Every entry must appear in the answer exactly as written.

[Source data]
[Start of Attachment]

theorem supermartingale_Z: "supermartingale M Z"
  unfolding supermartingale_def
proof (intro conjI allI impI)
  fix n :: nat assume "1 \<le> n"
  interpret F: sigma_finite_subalgebra M "natural_filtration M Z n"
  proof (rule finite_measure_subalgebra_is_sigma_finite)
    show "finite_measure_subalgebra M (natural_filtration M Z n)"
      by unfold_locales (simp_all add: subalgebra_natural_filtration measurable_Z)
  qed
  show "AE \<omega> in M. real_cond_exp M (natural_filtration M Z n) (Z (Suc n)) \<omega> \<le> Z n \<omega>"
    using \<open>1 \<le> n\<close>
    by (intro F.real_cond_exp_le_of_set_integral_le integrable_Z measurable_natural_filtration
        set_integral_Z_Suc_le)
qed (simp_all add: measurable_Z integrable_Z)

end

theorem lemma2p5:
  fixes M :: "'a measure"
    and X Y I :: "nat \<Rightarrow> 'a \<Rightarrow> real"
    and R :: real
  assumes "prob_space M"
    and indep: "prob_space.indep_vars M (\<lambda>_. borel)
                  (case_sum X (case_sum Y I)) ({Inl n | n. n \<ge> 1} \<union> {Inr (Inl n) | n. n \<ge> 1} \<union> {Inr (Inr n) | n. n \<ge> 1})"
    and rvX: "\<And>n. n \<ge> 1 \<Longrightarrow> X n \<in> borel_measurable M"
    and rvY: "\<And>n. n \<ge> 1 \<Longrightarrow> Y n \<in> borel_measurable M"
    and rvI: "\<And>n. n \<ge> 1 \<Longrightarrow> I n \<in> borel_measurable M"
    and idX: "\<And>n. n \<ge> 1 \<Longrightarrow> distr M borel (X n) = distr M borel (X 1)"
    and idY: "\<And>n. n \<ge> 1 \<Longrightarrow> distr M borel (Y n) = distr M borel (Y 1)"
    and idI: "\<And>n. n \<ge> 1 \<Longrightarrow> distr M borel (I n) = distr M borel (I 1)"
    and nnX: "\<And>n \<omega>. n \<ge> 1 \<Longrightarrow> \<omega> \<in> space M \<Longrightarrow> X n \<omega> \<ge> 0"
    and nnY: "\<And>n \<omega>. n \<ge> 1 \<Longrightarrow> \<omega> \<in> space M \<Longrightarrow> Y n \<omega> \<ge> 0"
    and nnI: "\<And>n \<omega>. n \<ge> 1 \<Longrightarrow> \<omega> \<in> space M \<Longrightarrow> I n \<omega> \<ge> 0"
    and intX: "\<And>n. n \<ge> 1 \<Longrightarrow> integrable M (X n)"
    and intY: "\<And>n. n \<ge> 1 \<Longrightarrow> integrable M (Y n)"
    and intI: "\<And>n. n \<ge> 1 \<Longrightarrow> integrable M (I n)"
    and Rpos: "R > 0"
    and Rexp: "(\<integral>\<^sup>+ \<omega>. ennreal (exp (R * (Y 1 \<omega> - X 1 \<omega>))) \<partial>M) \<le> 1"
  shows "supermartingale M (\<lambda>n \<omega>. exp (R * disc_loss X Y I n \<omega>))
         \<and> (\<forall>u>0. ruin_prob M X Y I u \<le> exp (- R * u))"
proof -
  interpret prob_space M by fact
  have indep: "indep_vars (\<lambda>_. borel) (case_sum X (case_sum Y I)) all_coords"
    using indep unfolding all_coords_def .
  have "(\<integral>\<^sup>+\<omega>. ennreal (exp (R * (Y n \<omega> - X n \<omega>))) \<partial>M) \<le> 1" if "1 \<le> n" for n
  proof -
    have "(\<integral>\<^sup>+\<omega>. ennreal (exp (R * (Y n \<omega> - X n \<omega>))) \<partial>M)
        = (\<integral>\<^sup>+\<omega>. ennreal (exp (R * (Y 1 \<omega> - X 1 \<omega>))) \<partial>M)"
      using nn_integral_indep_var_cong[OF indep_var_premium_claim[OF indep that]
          indep_var_premium_claim[OF indep order_refl] idX[OF that] idY[OF that],
          of "\<lambda>(x, y). ennreal (exp (R * (y - x)))"]
      by simp
    with Rexp show ?thesis
      by simp
  qed
  then interpret interest_risk_model M X Y I R
    using indep nnI Rpos by unfold_locales auto
  show ?thesis
    using supermartingale_Z ruin_prob_le by blast
qed

end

[End of Attachment]

== RESPONSE BOX ==
theorem supermartingale_Z: "supermartingale M Z"
  unfolding supermartingale_def
proof (intro conjI allI impI)
  fix n :: nat assume "1 \<le> n"
  interpret F: sigma_finite_subalgebra M "natural_filtration M Z n"
  proof (rule finite_measure_subalgebra_is_sigma_finite)
    show "finite_measure_subalgebra M (natural_filtration M Z n)"
      by unfold_locales (simp_all add: subalgebra_natural_filtration measurable_Z)
  qed
  show "AE \<omega> in M. real_cond_exp M (natural_filtration M Z n) (Z (Suc n)) \<omega> \<le> Z n \<omega>"
    using \<open>1 \<le> n\<close>
    by (intro F.real_cond_exp_le_of_set_integral_le integrable_Z measurable_natural_filtration
        set_integral_Z_Suc_le)
qed (simp_all add: measurable_Z integrable_Z)

end

theorem lemma2p5:
  fixes M :: "'a measure"
    and X Y I :: "nat \<Rightarrow> 'a \<Rightarrow> real"
    and R :: real
  assumes "prob_space M"
    and indep: "prob_space.indep_vars M (\<lambda>_. borel)
                  (case_sum X (case_sum Y I)) ({Inl n | n. n \<ge> 1} \<union> {Inr (Inl n) | n. n \<ge> 1} \<union> {Inr (Inr n) | n. n \<ge> 1})"
    and rvX: "\<And>n. n \<ge> 1 \<Longrightarrow> X n \<in> borel_measurable M"
    and rvY: "\<And>n. n \<ge> 1 \<Longrightarrow> Y n \<in> borel_measurable M"
    and rvI: "\<And>n. n \<ge> 1 \<Longrightarrow> I n \<in> borel_measurable M"
    and idX: "\<And>n. n \<ge> 1 \<Longrightarrow> distr M borel (X n) = distr M borel (X 1)"
    and idY: "\<And>n. n \<ge> 1 \<Longrightarrow> distr M borel (Y n) = distr M borel (Y 1)"
    and idI: "\<And>n. n \<ge> 1 \<Longrightarrow> distr M borel (I n) = distr M borel (I 1)"
    and nnX: "\<And>n \<omega>. n \<ge> 1 \<Longrightarrow> \<omega> \<in> space M \<Longrightarrow> X n \<omega> \<ge> 0"
    and nnY: "\<And>n \<omega>. n \<ge> 1 \<Longrightarrow> \<omega> \<in> space M \<Longrightarrow> Y n \<omega> \<ge> 0"
    and nnI: "\<And>n \<omega>. n \<ge> 1 \<Longrightarrow> \<omega> \<in> space M \<Longrightarrow> I n \<omega> \<ge> 0"
    and intX: "\<And>n. n \<ge> 1 \<Longrightarrow> integrable M (X n)"
    and intY: "\<And>n. n \<ge> 1 \<Longrightarrow> integrable M (Y n)"
    and intI: "\<And>n. n \<ge> 1 \<Longrightarrow> integrable M (I n)"
    and Rpos: "R > 0"
    and Rexp: "(\<integral>\<^sup>+ \<omega>. ennreal (exp (R * (Y 1 \<omega> - X 1 \<omega>))) \<partial>M) \<le> 1"
  shows "supermartingale M (\<lambda>n \<omega>. exp (R * disc_loss X Y I n \<omega>))
         \<and> (\<forall>u>0. ruin_prob M X Y I u \<le> exp (- R * u))"
proof -
  interpret prob_space M by fact
  have indep: "indep_vars (\<lambda>_. borel) (case_sum X (case_sum Y I)) all_coords"
    using indep unfolding all_coords_def .
  have "(\<integral>\<^sup>+\<omega>. ennreal (exp (R * (Y n \<omega> - X n \<omega>))) \<partial>M) \<le> 1" if "1 \<le> n" for n
  proof -
    have "(\<integral>\<^sup>+\<omega>. ennreal (exp (R * (Y n \<omega> - X n \<omega>))) \<partial>M)
        = (\<integral>\<^sup>+\<omega>. ennreal (exp (R * (Y 1 \<omega> - X 1 \<omega>))) \<partial>M)"
      using nn_integral_indep_var_cong[OF indep_var_premium_claim[OF indep that]
          indep_var_premium_claim[OF indep order_refl] idX[OF that] idY[OF that],
          of "\<lambda>(x, y). ennreal (exp (R * (y - x)))"]
      by simp
    with Rexp show ?thesis
      by simp
  qed
  then interpret interest_risk_model M X Y I R
    using indep nnI Rpos by unfold_locales auto
  show ?thesis
    using supermartingale_Z ruin_prob_le by blast
qed

end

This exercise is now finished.